### [What the task asks]
How many of the lines in the material below contain the word "ultimately"? Give the number alone.

>>>

lemma nonpos_if_lopts_strongly_nonpos:
  assumes lopts: "\<And>h. h |\<in>| lopts H \<Longrightarrow> strongly_nonpos TB h"
  shows "nonpos TB H"
  unfolding nonpos_def
proof (intro allI impI)
  fix X s
  show "lwin TB (gsum H X) s \<Longrightarrow> lwin TB X s"
  proof (induction X arbitrary: s rule: game_option_induct)
    case (options G)
    obtain l where "l \<le> money s"
      and left: "\<forall>r\<le>TB - money s. left_wins_bid s l r \<longrightarrow>
                   (\<exists>g|\<in>|lopts (gsum H G). \<exists>s'\<in>left_targets s l r. lwin TB g s')"
      and right: "\<forall>r\<le>TB - money s. \<not> left_wins_bid s l r \<longrightarrow>
                   (\<forall>g|\<in>|ropts (gsum H G). \<forall>s'\<in>right_targets s l r. lwin TB g s')"
      using options.prems by (rule lwinE)
    show ?case
    proof (rule ccontr)
      assume lost: "\<not> lwin TB G s"
      from lost \<open>l \<le> money s\<close> show False
      proof (cases rule: not_lwinE)
        case (bid_to_left r)
        then obtain g s' where "g |\<in>| lopts (gsum H G)" "s' \<in> left_targets s l r" "lwin TB g s'"
          using left by blast
        then consider (move_in_H) h where "h |\<in>| lopts H" "lwin TB (gsum h G) s'" "bstate_le s' s"
          | (move_in_G) x where "x |\<in>| lopts G" "lwin TB (gsum H x) s'"
          using bstate_le_left_target by (auto simp: lopts_gsum)
        then show False
        proof cases
          case move_in_H
          then show False using lopts lost unfolding strongly_nonpos_def by blast
        next
          case move_in_G
          then show False using bid_to_left options.IH(1) \<open>s' \<in> left_targets s l r\<close> by blast
        qed
      next
        case (bid_to_right r x s')
        then have "lwin TB (gsum H x) s'" using right by (auto simp: ropts_gsum)
        then show False using bid_to_right options.IH(2) by blast
      qed
    qed
  qed
qed

(* A bid that Left wins at t but loses at s is a tie won with the marker; if l > 0, her
   strategy at s answers the bid l - 1 with the same payment. *)
lemma simulate_left_move:
  assumes "bstate_le s t" and "r \<le> TB - money t" and "left_wins_bid t l r"
    and left: "\<forall>r\<le>TB - money s. left_wins_bid s l r \<longrightarrow>
                 (\<exists>g|\<in>|lopts G. \<exists>s'\<in>left_targets s l r. lwin TB g s')"
  obtains (move) g s' t' where "g |\<in>| lopts G" "lwin TB g s'"
      "t' \<in> left_targets t l r" "bstate_le s' t'"
    | (tie) p q where "s = Plain p" "t = Hat q" "l = 0" "r = 0" "p \<le> q"
proof (cases "left_wins_bid s l r")
  case True
  have "r \<le> TB - money s"
    using assms(2) bstate_le_money[OF assms(1)] by arith
  then obtain g s' where "g |\<in>| lopts G" "s' \<in> left_targets s l r" "lwin TB g s'"
    using left True by blast
  with left_targets_mono[OF assms(1) True] show ?thesis
    using move by blast
next
  case False
  with assms(1,3) obtain p q where tie: "s = Plain p" "t = Hat q" "r = l" "p \<le> q"
    by (rule bstate_le_tieE)
  show ?thesis
  proof (cases "l = 0")
    case True
    then show ?thesis using tie that(2) by blast
  next
    case False
    have "l - 1 \<le> TB - money s" using assms(2) tie by simp
    then obtain g where "g |\<in>| lopts G" "lwin TB g (Plain (p - l))"
      using left False tie by auto
    moreover have "Plain (q - l) \<in> left_targets t l r" "bstate_le (Plain (p - l)) (Plain (q - l))"
      using tie by auto
    ultimately show ?thesis using move by blast
  qed
qed

lemma simulate_right_move:
  assumes "bstate_le s t" and "r \<le> TB - money t" and "\<not> left_wins_bid t l r"
    and "t' \<in> right_targets t l r"
    and right: "\<forall>r\<le>TB - money s. \<not> left_wins_bid s l r \<longrightarrow>
                  (\<forall>g|\<in>|ropts G. \<forall>s'\<in>right_targets s l r. lwin TB g s')"
  obtains s' where "bstate_le s' t'" and "\<forall>g|\<in>|ropts G. lwin TB g s'"
proof -
  obtain s' where "s' \<in> right_targets s l r" "bstate_le s' t'"
    using right_targets_mono[OF assms(1,3,4)] by blast
  moreover have "\<not> left_wins_bid s l r"
    using assms(3) left_wins_bid_mono[OF assms(1)] by blast
  moreover have "r \<le> TB - money s"
    using assms(2) bstate_le_money[OF assms(1)] by arith
  ultimately show ?thesis using right that by blast
qed

lemma strongly_nonneg_if_nonneg_lopt:
  assumes "h\<^sub>0 |\<in>| lopts H" "nonneg TB h\<^sub>0"
    and ropts: "\<And>h. h |\<in>| ropts H \<Longrightarrow> strongly_nonneg TB h"
  shows "strongly_nonneg TB H"
  unfolding strongly_nonneg_def
proof (intro allI impI)
  fix X s t
  show "lwin TB X s \<Longrightarrow> bstate_le s t \<Longrightarrow> lwin TB (gsum H X) t"
  proof (induction X arbitrary: s t rule: game_option_induct)
    case (options G)
    obtain l where "l \<le> money s"
      and left: "\<forall>r\<le>TB - money s. left_wins_bid s l r \<longrightarrow>
                   (\<exists>g|\<in>|lopts G. \<exists>s'\<in>left_targets s l r. lwin TB g s')"
      and right: "\<forall>r\<le>TB - money s. \<not> left_wins_bid s l r \<longrightarrow>
                   (\<forall>g|\<in>|ropts G. \<forall>s'\<in>right_targets s l r. lwin TB g s')"
      using options.prems(1) by (rule lwinE)
    show ?case
    proof (rule lwinI)
      show "l \<le> money t"
        using \<open>l \<le> money s\<close> bstate_le_money[OF options.prems(2)] by simp
    next
      fix r assume r: "r \<le> TB - money t" and won: "left_wins_bid t l r"
      from options.prems(2) r won left
      show "\<exists>g|\<in>|lopts (gsum H G). \<exists>t'\<in>left_targets t l r. lwin TB g t'"
      proof (cases rule: simulate_left_move)
        case (move x s' t')
        then show ?thesis using options.IH(1) gsum_in_lopts_gsum(2) by blast
      next
        case (tie p q)
        have "lwin TB G (Plain q)"
          using options.prems(1) tie by (auto intro: lwin_same_marker_mono)
        then have "lwin TB (gsum h\<^sub>0 G) (Plain q)"
          using \<open>nonneg TB h\<^sub>0\<close> by (simp add: nonneg_def)
        moreover have "Plain q \<in> left_targets t l r" using tie by simp
        ultimately show ?thesis using \<open>h\<^sub>0 |\<in>| lopts H\<close> gsum_in_lopts_gsum(1) by blast
      qed
    next
      fix r g t' assume r: "r \<le> TB - money t" and lost: "\<not> left_wins_bid t l r"
        and "g |\<in>| ropts (gsum H G)" and t': "t' \<in> right_targets t l r"
      then consider (move_in_H) h where "h |\<in>| ropts H" "g = gsum h G"
        | (move_in_G) x where "x |\<in>| ropts G" "g = gsum H x"
        by (auto simp: ropts_gsum)
      then show "lwin TB g t'"
      proof cases
        case move_in_H
        moreover have "bstate_le s t'"
          using options.prems(2) bstate_le_right_target[OF t'] by (rule bstate_le_trans)
        ultimately show ?thesis
          using ropts options.prems(1) unfolding strongly_nonneg_def by blast
      next
        case move_in_G
        from options.prems(2) r lost t' right obtain s' where
          "bstate_le s' t'" "\<forall>g|\<in>|ropts G. lwin TB g s'"
          by (rule simulate_right_move)
        then show ?thesis using move_in_G options.IH(2) by blast
      qed
    qed
  qed
qed

lemma strongly_nonpos_if_nonpos_ropt:
  assumes "h\<^sub>0 |\<in>| ropts H" "nonpos TB h\<^sub>0"
    and lopts: "\<And>h. h |\<in>| lopts H \<Longrightarrow> strongly_nonpos TB h"
  shows "strongly_nonpos TB H"
  unfolding strongly_nonpos_def
proof (intro allI impI)
  fix X s t
  show "lwin TB (gsum H X) s \<Longrightarrow> bstate_le s t \<Longrightarrow> lwin TB X t"
  proof (induction X arbitrary: s t rule: game_option_induct)
    case (options G)
    obtain l where "l \<le> money s"
      and left: "\<forall>r\<le>TB - money s. left_wins_bid s l r \<longrightarrow>
                   (\<exists>g|\<in>|lopts (gsum H G). \<exists>s'\<in>left_targets s l r. lwin TB g s')"
      and right: "\<forall>r\<le>TB - money s. \<not> left_wins_bid s l r \<longrightarrow>
                   (\<forall>g|\<in>|ropts (gsum H G). \<forall>s'\<in>right_targets s l r. lwin TB g s')"
      using options.prems(1) by (rule lwinE)
    show ?case
    proof (rule ccontr)
      assume lost: "\<not> lwin TB G t"
      have "l \<le> money t"
        using \<open>l \<le> money s\<close> bstate_le_money[OF options.prems(2)] by simp
      with lost show False
      proof (cases rule: not_lwinE)
        case (bid_to_left r)
        from options.prems(2) bid_to_left(1,2) left show False
        proof (cases rule: simulate_left_move)
          case (move g s' t')
          from \<open>g |\<in>| lopts (gsum H G)\<close> consider
            (move_in_H) h where "h |\<in>| lopts H" "g = gsum h G"
            | (move_in_G) x where "x |\<in>| lopts G" "g = gsum H x"
            by (auto simp: lopts_gsum)
          then show False
          proof cases
            case move_in_H
            have "bstate_le s' t"
              using move bstate_le_trans bstate_le_left_target by blast
            then show False using move_in_H move lopts lost unfolding strongly_nonpos_def by blast
          next
            case move_in_G
            then show False using move bid_to_left(3) options.IH(1) by blast
          qed
        next
          case (tie p q)
          have "Hat p \<in> right_targets s l r" "\<not> left_wins_bid s l r" "r \<le> TB - money s"
            using tie by auto
          then have "lwin TB (gsum h\<^sub>0 G) (Hat p)"
            using right \<open>h\<^sub>0 |\<in>| ropts H\<close> gsum_in_ropts_gsum(1) by blast
          then have "lwin TB G (Hat p)"
            using \<open>nonpos TB h\<^sub>0\<close> by (simp add: nonpos_def)
          then show False using lost tie by (auto intro: lwin_same_marker_mono)
        qed
      next
        case (bid_to_right r x t')
        from options.prems(2) bid_to_right(1,2,4) right obtain s' where
          "bstate_le s' t'" "\<forall>g|\<in>|ropts (gsum H G). lwin TB g s'"
          by (rule simulate_right_move)
        then have "lwin TB (gsum H x) s'"
          using bid_to_right(3) gsum_in_ropts_gsum(2) by blast
        then show False using bid_to_right options.IH(2) \<open>bstate_le s' t'\<close> by blast
      qed
    qed
  qed
qed

lemma strongly_nonneg_dyadic: "strongly_nonneg TB (dyadic k)"
  by (induction k) (auto intro: strongly_nonneg_if_nonneg_lopt[of g_zero] simp: nonneg_zero)

lemma strongly_nonpos_conjugate_dyadic: "strongly_nonpos TB (conjugate (dyadic k))"
  by (induction k)
    (auto intro: strongly_nonpos_if_nonpos_ropt[of g_zero]
      simp: lopts_conjugate ropts_conjugate nonpos_zero)

lemma dyadic_plus_conjugate_nonneg:
  "j \<le> k \<Longrightarrow> nonneg TB (gsum (dyadic j) (conjugate (dyadic k))) \<and>
     (j < k \<longrightarrow> strongly_nonneg TB (gsum (dyadic j) (conjugate (dyadic k))))"
proof (induction "j + k" arbitrary: j k rule: less_induct)
  case less
  have ropts_strongly_nonneg: "strongly_nonneg TB g"
    if "g |\<in>| ropts (gsum (dyadic j) (conjugate (dyadic k)))" for g
    using that less
    by (cases j) (auto simp: ropts_gsum ropts_conjugate gsum_zero_right strongly_nonneg_dyadic)
  show ?case
  proof (cases "j < k")
    case True
    then obtain k' where k: "k = Suc k'" "j \<le> k'" by (cases k) auto
    then have "nonneg TB (gsum (dyadic j) (conjugate (dyadic k')))" using less by simp
    moreover have "gsum (dyadic j) (conjugate (dyadic k')) |\<in>|
        lopts (gsum (dyadic j) (conjugate (dyadic k)))"
      using k by (simp add: lopts_gsum lopts_conjugate)
    ultimately show ?thesis
      using strongly_nonneg_if_nonneg_lopt ropts_strongly_nonneg strongly_nonneg_imp_nonneg by blast
  next
    case False
    then show ?thesis using nonneg_if_ropts_strongly_nonneg ropts_strongly_nonneg by blast
  qed
qed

<<<

### [Answer space]
5